Derrière la variété des cultures, il existe une unité psychique de l’humanité.
Le missionnaire jésuite n’était pas supérieur au sauvage Bororo qu’il venait convertir au
Christ et à la modernité. Pour comprendre quelque chose à l’homme, il ne faut pas se limiter à
s’observer soi-même à la manière du philosophe qui pratique l’introspection. Il ne suffit pas
non plus de se limiter à une période, à la manière de l’historien. Il est au contraire
indispensable de brûler ses vaisseaux, de partir à la rencontre de ceux qui semblent le plus
éloigné possible de nous-mêmes, afin de chercher ce qui, dans la nature humaine, est constant
et fondamental.
Ce qui manquait à l’anthropologie jusque dans les années cinquante, estime Lévi-Strauss,
c’était une théorie, un système, un instrument pour comprendre ce que l’on voyait. « Toutes
les sciences, affirme-t-il, ne fonctionnent que sur la base de théories explicatives ». Ainsi, en
sociologie, Marx, le premier, a montré que pour interpréter la réalité sociale, il fallait sortir de
la perception immédiate et la voir à travers un système. Ce que Marx a fait pour la sociologie,
Lévi-Strauss le fera pour l’anthropologie : Le structuralisme est une lunette pour déchiffrer
les civilisations.
L’un des véritables fondateurs du structuralisme, rappelle Lévi-Strauss est Roman Jakobson.
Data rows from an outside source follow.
(* Let G be a graph with an even number of vertices and A the 2-pole obtained by cutting an edge e.
   In a perfect matching M of A the links pair up the vertices not hit by a dangling edge of M, so M
   contains both dangling edges or neither; thus the perfect matchings of A are exactly the perfect
   matchings N of G with e, if it lies in N, replaced by its two halves.
   The Petersen graph has exactly six perfect matchings, every edge lies in exactly two of them, and
   three distinct ones cover 12 of the 15 edges. If U is the union of three of them, the links of A
   covered by the corresponding matchings of A are the edges of U other than e, so at least
   14 - 12 = 2 of the 14 links stay uncovered when e is not in U, and at least 15 - 12 = 3 when it
   is; triples of distinct matchings avoiding e, resp. one of them containing e, attain the bounds. *)

section \<open>Perfect matchings of a graph with a cut edge\<close>

definition graph_perfect_matching :: "nat set \<Rightarrow> nat set set \<Rightarrow> nat set set \<Rightarrow> bool" where
  "graph_perfect_matching V E N \<longleftrightarrow> N \<subseteq> E \<and> (\<forall>v\<in>V. \<exists>!x. x \<in> N \<and> v \<in> x)"

definition cut_graph :: "nat set set \<Rightarrow> nat set \<Rightarrow> medge set" where
  "cut_graph E e = Link ` (E - {e}) \<union> Dangling ` e"

definition lift_matching :: "nat set \<Rightarrow> nat set set \<Rightarrow> medge set" where
  "lift_matching e N = Link ` (N - {e}) \<union> (if e \<in> N then Dangling ` e else {})"

lemma ex1_iff_card_eq_1: "(\<exists>!x. x \<in> A \<and> P x) \<longleftrightarrow> card {x \<in> A. P x} = 1"
  using is_singleton_iff_ex1[of "{x \<in> A. P x}"] by (simp add: is_singleton_iff_card_eq_Suc_0)

lemma graph_perfect_matchingI:
  assumes "N \<subseteq> E" "\<And>v. v \<in> V \<Longrightarrow> card {x \<in> N. v \<in> x} = 1"
  shows "graph_perfect_matching V E N"
  using assms unfolding graph_perfect_matching_def ex1_iff_card_eq_1 by blast

lemma graph_perfect_matching_exactly_one:
  assumes "graph_perfect_matching V E N" "v \<in> V" "{x \<in> E. v \<in> x} = {a, b, c}"
    and "a \<noteq> b" "a \<noteq> c" "b \<noteq> c"
  shows "(a \<in> N \<or> b \<in> N \<or> c \<in> N) \<and> (a \<in> N \<longrightarrow> b \<notin> N \<and> c \<notin> N) \<and> (b \<in> N \<longrightarrow> c \<notin> N)"
proof -
  have "\<exists>!x. x \<in> N \<and> v \<in> x"
    using assms(1,2) unfolding graph_perfect_matching_def by blast
  then obtain x where x: "x \<in> N \<and> v \<in> x" and unique: "\<forall>y. y \<in> N \<and> v \<in> y \<longrightarrow> y = x"
    by (rule ex1E)
  have "x \<in> {a, b, c}"
    unfolding assms(3)[symmetric] using assms(1) x unfolding graph_perfect_matching_def by blast
  moreover have "v \<in> a" "v \<in> b" "v \<in> c"
    using equalityD2[OF assms(3)] by auto
  ultimately show ?thesis
    using x unique assms(4-6) by blast
qed

lemma lift_matching_Un: "lift_matching e (A \<union> B) = lift_matching e A \<union> lift_matching e B"
  by (auto simp: lift_matching_def)

lemma lift_matching_subset_cut_graph: "N \<subseteq> E \<Longrightarrow> lift_matching e N \<subseteq> cut_graph E e"
  by (auto simp: lift_matching_def cut_graph_def)
lemma path_embedding_ai_path:
  assumes "path_embedding A B \<sigma>" "ai_path B v es v'"
  shows "\<exists>ls. list_all2 (oriented \<sigma>) es ls \<and> ai_path A v (concat ls) v'"
  using assms(2)
proof (induction rule: ai_path.induct)
  case (base v es v')
  then consider "dpath B v es v'" | "dpath B v' (rev es) v" by (auto simp: is_path_def)
  then show ?case
  proof cases
    case 1
    have "list_all2 (oriented \<sigma>) es (map \<sigma> es)" by (simp add: list_all2_conv_all_nth oriented_def)
    moreover have "ai_path A v (concat (map \<sigma> es)) v'"
      using path_embedding_dpath[OF assms(1) 1] by (simp add: ai_path.base is_path_def)
    ultimately show ?thesis by blast
  next
    case 2
    have "rev (concat (map (rev \<circ> \<sigma>) es)) = concat (map \<sigma> (rev es))"
      by (simp add: rev_concat rev_map comp_def)
    then have "ai_path A v (concat (map (rev \<circ> \<sigma>) es)) v'"
      using path_embedding_dpath[OF assms(1) 2] by (simp add: ai_path.base is_path_def)
    moreover have "list_all2 (oriented \<sigma>) es (map (rev \<circ> \<sigma>) es)"
      by (simp add: list_all2_conv_all_nth oriented_def)
    ultimately show ?thesis by blast
  qed
next
  case (join v xs w ys v')
  obtain l1 where l1: "list_all2 (oriented \<sigma>) xs l1" "ai_path A v (concat l1) w"
    using join.IH(1) by blast
  obtain l2 where l2: "list_all2 (oriented \<sigma>) ys l2" "ai_path A w (concat l2) v'"
    using join.IH(2) by blast
  have "xs \<noteq> []" "ys \<noteq> []" "last xs \<in> edges B" "hd ys \<in> edges B"
    using ai_path_edges[OF join.hyps(1)] ai_path_edges[OF join.hyps(2)] by auto
  have "last (concat l1) \<in> set (\<sigma> (last xs))"
    using last_concat_oriented[OF l1(1) \<open>xs \<noteq> []\<close> path_embeddingD(4)[OF assms(1)]]
      \<open>last xs \<in> edges B\<close> .
  moreover have "hd (concat l2) \<in> set (\<sigma> (hd ys))"
    using hd_concat_oriented[OF l2(1) \<open>ys \<noteq> []\<close> path_embeddingD(4)[OF assms(1)]]
      \<open>hd ys \<in> edges B\<close> .
  moreover have "set (\<sigma> (last xs)) \<inter> set (\<sigma> (hd ys)) = {}"
    using \<open>last xs \<in> edges B\<close> \<open>hd ys \<in> edges B\<close> join.hyps(5)
    by (rule path_embeddingD(6)[OF assms(1)])
  ultimately have "last (concat l1) \<noteq> hd (concat l2)" by (metis disjoint_iff)
  moreover have "w \<in> verts A" "lab A w = Interaction \<or> lab A w = Cut"
    using path_embeddingD(1,2)[OF assms(1)] join.hyps(3,4) by auto
  ultimately have "ai_path A v (concat l1 @ concat l2) v'"
    using ai_path.join[OF l1(2) l2(2)] by blast
  moreover have "list_all2 (oriented \<sigma>) (xs @ ys) (l1 @ l2)"
    using l1(1) l2(1) by (rule list_all2_appendI)
  ultimately show ?case by (metis concat_append)
qed
(* For every $\theta\in\mathbb{R}$, $\displaystyle\lim_{n\to\infty}\hat\theta_n=\theta$ holds $P$-almost surely.
   Context: Fix $m>1/2$. Let $c_m:=\left(\int_{\mathbb R}(1+x^2)^{-m}\,dx\right)^{-1}$ and $f(x):=c_m(1+x^2)^{-m}$. For $\theta\in\mathbb R$, $\mathrm{PVII}_m(\theta,1)$ denotes the Pearson Type VII distribution with location $\theta$ and scale $1$, i.e. the law with density $x\mapsto f(x-\theta)$ (for $m=1$ this is the Cauchy distribution). Let $(X_n)_{n\ge1}$ be i.i.d. random variables on a probability space $(\Omega,\mathcal F,P)$ with law $\mathrm{PVII}_m(\theta,1)$. For each $n$, let $\hat\theta_n(x_1,\dots,x_n)$ be any Borel measurable function on $\mathbb R^n$ such that $\hat\theta_n(x_1,\dots,x_n)$ is a maximizer of $t\mapsto\prod_{i=1}^n f(x_i-t)$ over $t\in\mathbb R$ (such a measurable function exists), and let $\hat\theta_n:=\hat\theta_n(X_1,\dots,X_n)$ be the maximum likelihood estimator of the location. *)

theory Defs
  imports "HOL-Probability.Probability"
begin

definition pvii_c :: "real \<Rightarrow> real" where
  "pvii_c m = 1 / (\<integral>x. (1 + x\<^sup>2) powr (-m) \<partial>lborel)"

definition pvii_f :: "real \<Rightarrow> real \<Rightarrow> real" where
  "pvii_f m x = pvii_c m * (1 + x\<^sup>2) powr (-m)"

end

theory Submission
  imports Defs
begin
lemma sum_multiples_powr_le:
  fixes d r :: nat
  assumes "d \<ge> 1"
  shows "(\<Sum>q | q \<in> {1..Q} \<and> d dvd q. (real d ^ 2 / (real r * real q)) powr (3/2))
    \<le> (real d / real r) powr (3/2) * zeta_3_2"
proof -
  have "{q. q \<in> {1..Q} \<and> d dvd q} \<subseteq> (\<lambda>j. d * j) ` {1..Q}"
  proof clarify
    fix q assume "q \<in> {1..Q}" "d dvd q"
    then obtain j where "q = d * j" "1 \<le> d * j" "d * j \<le> Q" by (auto elim: dvdE)
    moreover from this have "1 \<le> j" by (cases j) auto
    moreover have "j \<le> Q" using \<open>d * j \<le> Q\<close> assms by (metis le_trans mult_le_mono1 mult_1)
    ultimately show "q \<in> (\<lambda>j. d * j) ` {1..Q}" by auto
  qed
  then have "(\<Sum>q | q \<in> {1..Q} \<and> d dvd q. (real d ^ 2 / (real r * real q)) powr (3/2))
      \<le> (\<Sum>q\<in>(\<lambda>j. d * j) ` {1..Q}. (real d ^ 2 / (real r * real q)) powr (3/2))"
    by (intro sum_mono2) auto
  also have "\<dots> = (\<Sum>j\<in>{1..Q}. (real d ^ 2 / (real r * real (d * j))) powr (3/2))"
    using assms by (intro sum.reindex_cong[of "\<lambda>j. d * j"]) (auto simp: inj_on_def)
  also have "\<dots> = (\<Sum>j\<in>{1..Q}. (real d / real r) powr (3/2) * real j powr (-3/2))"
  proof (rule sum.cong)
    fix j assume "j \<in> {1..Q}"
    then have "real d ^ 2 / (real r * real (d * j)) = (real d / real r) * (1 / real j)"
      using assms by (simp add: power2_eq_square field_simps)
    then show "(real d ^ 2 / (real r * real (d * j))) powr (3/2) = (real d / real r) powr (3/2) * real j powr (-3/2)"
      using \<open>j \<in> {1..Q}\<close> by (simp add: powr_mult powr_divide powr_minus_divide)
  qed simp
  also have "\<dots> = (real d / real r) powr (3/2) * (\<Sum>j\<in>{1..Q}. real j powr (-3/2))"
    by (simp add: sum_distrib_left)
  also have "\<dots> \<le> (real d / real r) powr (3/2) * zeta_3_2"
    by (intro mult_left_mono sum_powr_3_2_le_zeta_3_2) auto
  finally show ?thesis .
qed

lemma sum_divisors_powr_le:
  fixes r :: nat
  assumes "r \<ge> 1"
  shows "(\<Sum>d | d \<in> {1..r} \<and> d dvd r. (real d / real r) powr (3/2)) \<le> zeta_3_2"
proof -
  define D where "D = {d. d \<in> {1..r} \<and> d dvd r}"
  have "(real d / real r) powr (3/2) = real (r div d) powr (-3/2)" if "d \<in> D" for d
  proof -
    from that have d: "d dvd r" "d \<ge> 1" unfolding D_def by auto
    then have "real r = real d * real (r div d)" by (simp flip: of_nat_mult)
    then have "real d / real r = 1 / real (r div d)" using d by (simp add: field_simps)
    then show ?thesis by (simp add: powr_divide powr_minus_divide)
  qed
  then have "(\<Sum>d\<in>D. (real d / real r) powr (3/2)) = (\<Sum>d\<in>D. real (r div d) powr (-3/2))"
    by (rule sum.cong[OF refl])
  also have "\<dots> = (\<Sum>e\<in>(\<lambda>d. r div d) ` D. real e powr (-3/2))"
  proof (rule sum.reindex_cong[symmetric, OF _ refl refl])
    show "inj_on (\<lambda>d. r div d) D"
    proof (rule inj_onI)
      fix x y assume "x \<in> D" "y \<in> D" and eq: "r div x = r div y"
      from \<open>x \<in> D\<close> \<open>y \<in> D\<close> have "x * (r div x) = r" "y * (r div y) = r" unfolding D_def by simp_all
      moreover have "r div x \<noteq> 0" using \<open>x * (r div x) = r\<close> assms by (metis mult_0_right not_one_le_zero)
      ultimately show "x = y" using eq by (metis mult_cancel_right)
    qed
  qed
  also have "\<dots> \<le> zeta_3_2" unfolding D_def by (intro sum_powr_3_2_le_zeta_3_2) simp
  finally show ?thesis unfolding D_def .
qed

text \<open>Group \<open>q\<close> by \<open>d = gcd r q\<close>: the multiples of \<open>d\<close> contribute \<open>(d/r)\<^sup>3\<^sup>/\<^sup>2 \<zeta>(3/2)\<close>,
  and the divisors \<open>d\<close> of \<open>r\<close> contribute another \<open>\<zeta>(3/2)\<close>.\<close>
lemma gcd_kernel_row_sum_le:
  assumes "r \<ge> 1"
  shows "(\<Sum>q\<in>{1..Q}. gcd_kernel r q) \<le> zeta_3_2 ^ 2"
proof -
  define D where "D = {d. d \<in> {1..r} \<and> d dvd r}"
  define g where "g = (\<lambda>d q::nat. (real d ^ 2 / (real r * real q)) powr (3/2))"
  have "gcd_kernel r q \<le> (\<Sum>d | d \<in> D \<and> d dvd q. g d q)" if "q \<in> {1..Q}" for q
  proof -
    have "gcd r q \<in> {d. d \<in> D \<and> d dvd q}" unfolding D_def using assms that
      by (auto simp: gcd_le1_nat Suc_le_eq)
    then show ?thesis
      unfolding gcd_kernel_def g_def by (intro member_le_sum) (auto simp: D_def)
  qed
  then have "(\<Sum>q\<in>{1..Q}. gcd_kernel r q) \<le> (\<Sum>q\<in>{1..Q}. \<Sum>d | d \<in> D \<and> d dvd q. g d q)"
    by (rule sum_mono)
  also have "\<dots> = (\<Sum>d\<in>D. \<Sum>q | q \<in> {1..Q} \<and> d dvd q. g d q)"
    by (rule sum.swap_restrict) (simp_all add: D_def)
  also have "\<dots> \<le> (\<Sum>d\<in>D. (real d / real r) powr (3/2) * zeta_3_2)"
    unfolding g_def D_def by (intro sum_mono sum_multiples_powr_le) auto
  also have "\<dots> = (\<Sum>d\<in>D. (real d / real r) powr (3/2)) * zeta_3_2"
    by (simp add: sum_distrib_right)
  also have "\<dots> \<le> zeta_3_2 * zeta_3_2"
    using sum_divisors_powr_le[OF assms] zeta_3_2_nonneg unfolding D_def by (intro mult_right_mono) auto
  finally show ?thesis by (simp add: power2_eq_square)
qed

lemma gcd_kernel_sum_le:
  fixes V :: "nat \<Rightarrow> real"
  assumes V: "\<And>q. V q \<ge> 0"
  shows "(\<Sum>q=1..Q. \<Sum>r=1..Q. gcd_kernel r q * sqrt (V r * V q)) \<le> zeta_3_2 ^ 2 * (\<Sum>q=1..Q. V q)"
proof -
  have "(\<Sum>q=1..Q. \<Sum>r=1..Q. gcd_kernel r q * sqrt (V r * V q))
     \<le> (\<Sum>q=1..Q. \<Sum>r=1..Q. gcd_kernel r q * ((V r + V q) / 2))"
    using V gcd_kernel_nonneg by (intro sum_mono mult_left_mono arith_geo_mean_sqrt) auto
  also have "\<dots> = ((\<Sum>q=1..Q. \<Sum>r=1..Q. gcd_kernel r q * V r) + (\<Sum>q=1..Q. \<Sum>r=1..Q. gcd_kernel r q * V q)) / 2"
    by (simp add: sum.distrib sum_divide_distrib distrib_left add_divide_distrib)
  also have "(\<Sum>q=1..Q. \<Sum>r=1..Q. gcd_kernel r q * V r) = (\<Sum>r=1..Q. V r * (\<Sum>q=1..Q. gcd_kernel r q))"
    by (subst sum.swap) (simp add: sum_distrib_left mult.commute)
  also have "(\<Sum>q=1..Q. \<Sum>r=1..Q. gcd_kernel r q * V q) = (\<Sum>q=1..Q. V q * (\<Sum>r=1..Q. gcd_kernel q r))"
    by (simp add: sum_distrib_left mult.commute gcd_kernel_commute)
  also have "\<dots> \<le> ((\<Sum>r=1..Q. V r * zeta_3_2 ^ 2) + (\<Sum>q=1..Q. V q * zeta_3_2 ^ 2)) / 2"
  proof -
    have "(\<Sum>r=1..Q. V r * (\<Sum>q=1..Q. gcd_kernel r q)) \<le> (\<Sum>r=1..Q. V r * zeta_3_2 ^ 2)"
      using V gcd_kernel_row_sum_le by (intro sum_mono mult_left_mono) auto
    then show ?thesis by simp
  qed
  finally show ?thesis by (simp add: sum_distrib_right[symmetric] mult.commute)
qed

section \<open>Pair sums and quasi-independence\<close>

lemma sum_square_le_gcd_kernel:
  fixes f :: "nat \<Rightarrow> nat \<Rightarrow> real" and V :: "nat \<Rightarrow> real"
  assumes V: "\<And>q. V q \<ge> 0" and K: "K \<ge> 0"
    and f: "\<And>r q. 1 \<le> r \<Longrightarrow> 1 \<le> q \<Longrightarrow> f r q \<le> K * (V r * V q + gcd_kernel r q * sqrt (V r * V q))"
  shows "(\<Sum>q=1..Q. \<Sum>r=1..Q. f r q) \<le> K * ((\<Sum>q=1..Q. V q) ^ 2 + zeta_3_2 ^ 2 * (\<Sum>q=1..Q. V q))"
proof -
  have "(\<Sum>q=1..Q. \<Sum>r=1..Q. f r q) \<le> (\<Sum>q=1..Q. \<Sum>r=1..Q. K * (V r * V q + gcd_kernel r q * sqrt (V r * V q)))"
    using f by (intro sum_mono) auto
  also have "\<dots> = K * ((\<Sum>q=1..Q. \<Sum>r=1..Q. V r * V q) + (\<Sum>q=1..Q. \<Sum>r=1..Q. gcd_kernel r q * sqrt (V r * V q)))"
    by (simp add: sum_distrib_left sum.distrib distrib_left)
  also have "(\<Sum>q=1..Q. \<Sum>r=1..Q. V r * V q) = (\<Sum>q=1..Q. V q) ^ 2"
    by (simp add: power2_eq_square sum_product mult.commute)
  also have "K * ((\<Sum>q=1..Q. V q) ^ 2 + (\<Sum>q=1..Q. \<Sum>r=1..Q. gcd_kernel r q * sqrt (V r * V q)))
      \<le> K * ((\<Sum>q=1..Q. V q) ^ 2 + zeta_3_2 ^ 2 * (\<Sum>q=1..Q. V q))"
    using gcd_kernel_sum_le[OF V, where Q=Q] K by (intro mult_left_mono add_left_mono)
  finally show ?thesis .
qed

lemma sum_triangle_le_gcd_kernel:
  fixes f :: "nat \<Rightarrow> nat \<Rightarrow> real" and V :: "nat \<Rightarrow> real"
  assumes V: "\<And>q. V q \<ge> 0" and K: "K \<ge> 0"
    and f: "\<And>r q. 1 \<le> r \<Longrightarrow> r \<le> q \<Longrightarrow> f r q \<le> K * (V r * V q + gcd_kernel r q * sqrt (V r * V q))"
  shows "(\<Sum>q=1..Q. \<Sum>r=1..q. f r q) \<le> K * ((\<Sum>q=1..Q. V q) ^ 2 + zeta_3_2 ^ 2 * (\<Sum>q=1..Q. V q))"
proof -
  define g where "g r q = K * (V r * V q + gcd_kernel r q * sqrt (V r * V q))" for r q
  have "(\<Sum>q=1..Q. \<Sum>r=1..q. f r q) \<le> (\<Sum>q=1..Q. \<Sum>r=1..q. g r q)"
    unfolding g_def using f by (intro sum_mono) auto
  also have "\<dots> \<le> (\<Sum>q=1..Q. \<Sum>r=1..Q. g r q)"
    unfolding g_def using V K gcd_kernel_nonneg by (intro sum_mono sum_mono2) auto
  also have "\<dots> \<le> K * ((\<Sum>q=1..Q. V q) ^ 2 + zeta_3_2 ^ 2 * (\<Sum>q=1..Q. V q))"
    by (rule sum_square_le_gcd_kernel[OF V K]) (simp add: g_def)
  finally show ?thesis .
qed
lemma optimal_policy_iff:
  assumes "z \<in> S"
  shows "optimal_policy A Bm g \<alpha> z p \<longleftrightarrow>
    is_argmin_input A Bm g \<alpha> z (p 0) \<and>
    optimal_policy A Bm g \<alpha> (A z + Bm (p 0)) (\<lambda>n. p (Suc n))"
proof -
  let ?z1 = "A z + Bm (p 0)" and ?tail = "\<lambda>n. p (Suc n)"
  let ?c1 = "cost A Bm g \<alpha> ?z1 ?tail"
  have mono: "ennreal (g z) + ennreal \<alpha> * J ?z1 \<le> ennreal (g z) + ennreal \<alpha> * ?c1"
    by (intro add_left_mono mult_left_mono Jstar_le_cost) simp
  show ?thesis
  proof
    assume "optimal_policy A Bm g \<alpha> z p"
    then have "ennreal (g z) + ennreal \<alpha> * ?c1 = J z"
      by (simp add: cost_recursion[symmetric] optimal_policy_def)
    with mono bellman_le[OF assms, of "p 0"]
    have eq: "ennreal (g z) + ennreal \<alpha> * J ?z1 = ennreal (g z) + ennreal \<alpha> * ?c1"
      and bell: "J z = ennreal (g z) + ennreal \<alpha> * J ?z1"
      by (simp_all add: antisym)
    from ennreal_affine_cancel[OF alpha_pos eq] bell show
      "is_argmin_input A Bm g \<alpha> z (p 0) \<and> optimal_policy A Bm g \<alpha> ?z1 ?tail"
      by (simp add: argmin_iff_bellman[OF assms] optimal_policy_def)
  next
    assume "is_argmin_input A Bm g \<alpha> z (p 0) \<and> optimal_policy A Bm g \<alpha> ?z1 ?tail"
    then show "optimal_policy A Bm g \<alpha> z p"
      unfolding optimal_policy_def
      by (subst cost_recursion) (simp add: argmin_iff_bellman[OF assms] optimal_policy_def)
  qed
qed

lemma argmin_starts_optimal_policy:
  assumes "z \<in> S" and "is_argmin_input A Bm g \<alpha> z v"
  shows "\<exists>p. optimal_policy A Bm g \<alpha> z p \<and> p 0 = v"
proof -
  obtain q where "optimal_policy A Bm g \<alpha> (A z + Bm v) q"
    using optimal_policy_exists closed[OF assms(1)] by blast
  then show ?thesis
    using assms by (intro exI[of _ "\<lambda>t. case t of 0 \<Rightarrow> v | Suc n \<Rightarrow> q n"])
      (subst optimal_policy_iff, simp_all)
qed

lemma optimal_along_trajectory:
  assumes "z \<in> S" and "optimal_policy A Bm g \<alpha> z p"
  shows "traj A Bm z p t \<in> S \<and> optimal_policy A Bm g \<alpha> (traj A Bm z p t) (\<lambda>n. p (n + t))"
proof (induction t)
  case 0
  then show ?case using assms by simp
next
  case (Suc t)
  then show ?case
    using optimal_policy_iff[of "traj A Bm z p t" "\<lambda>n. p (n + t)"] closed by simp
qed

lemma argmin_along_trajectory:
  assumes "z \<in> S" and "optimal_policy A Bm g \<alpha> z p"
  shows "is_argmin_input A Bm g \<alpha> (traj A Bm z p t) (p t)"
  using optimal_along_trajectory[OF assms, of t]
    optimal_policy_iff[of "traj A Bm z p t" "\<lambda>n. p (n + t)"] by simp

end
Ce linguiste russe a démontré comment, « dans la quantité illimitée des sons que la voix peut
émettre, chaque langue en sélectionne un petit nombre formant un système et qui, par la façon
dont ils s’opposent entre eux, servent à différencier les significations ». Pour Roman
Jakobson, chaque langue est donc une variation à partir d’une structure. Or, de son côté, en
comparant les relations de parenté chez les primitifs et leurs mythes, Lévi-Strauss avait
observé qu’il retombait toujours sur les mêmes problèmes de base. Il en conclut que, derrière
la variété des cultures, il existe une unité psychique de l’humanité. Les civilisations ne
font que combiner des éléments de base communs à toute l’humanité. Les hommes ne
font que combiner un nombre limité de conduites possibles. À la manière dont nous
jouons avec un kaléidoscope les figures sont nombreuses, mais elles ne font que déplacer
des structures de base, toujours les mêmes. Voilà pourquoi on constate parfois, dans des
civilisations éloignées, des ressemblances troublantes : ce n’est pas nécessairement parce que
ces civilisations ont communiqué entre elles. Par exemple, on retrouve dans l’Antiquité
classique, en Extrême-Orient, en Amérique, le même mythe d’un couple de nains en guerre
contre des oiseaux aquatiques. A-t-il été inventé plusieurs fois? C’est peu probable ; ou bien
on se l’est emprunté, ou bien l’esprit humain a travaillé ici et là de la même façon.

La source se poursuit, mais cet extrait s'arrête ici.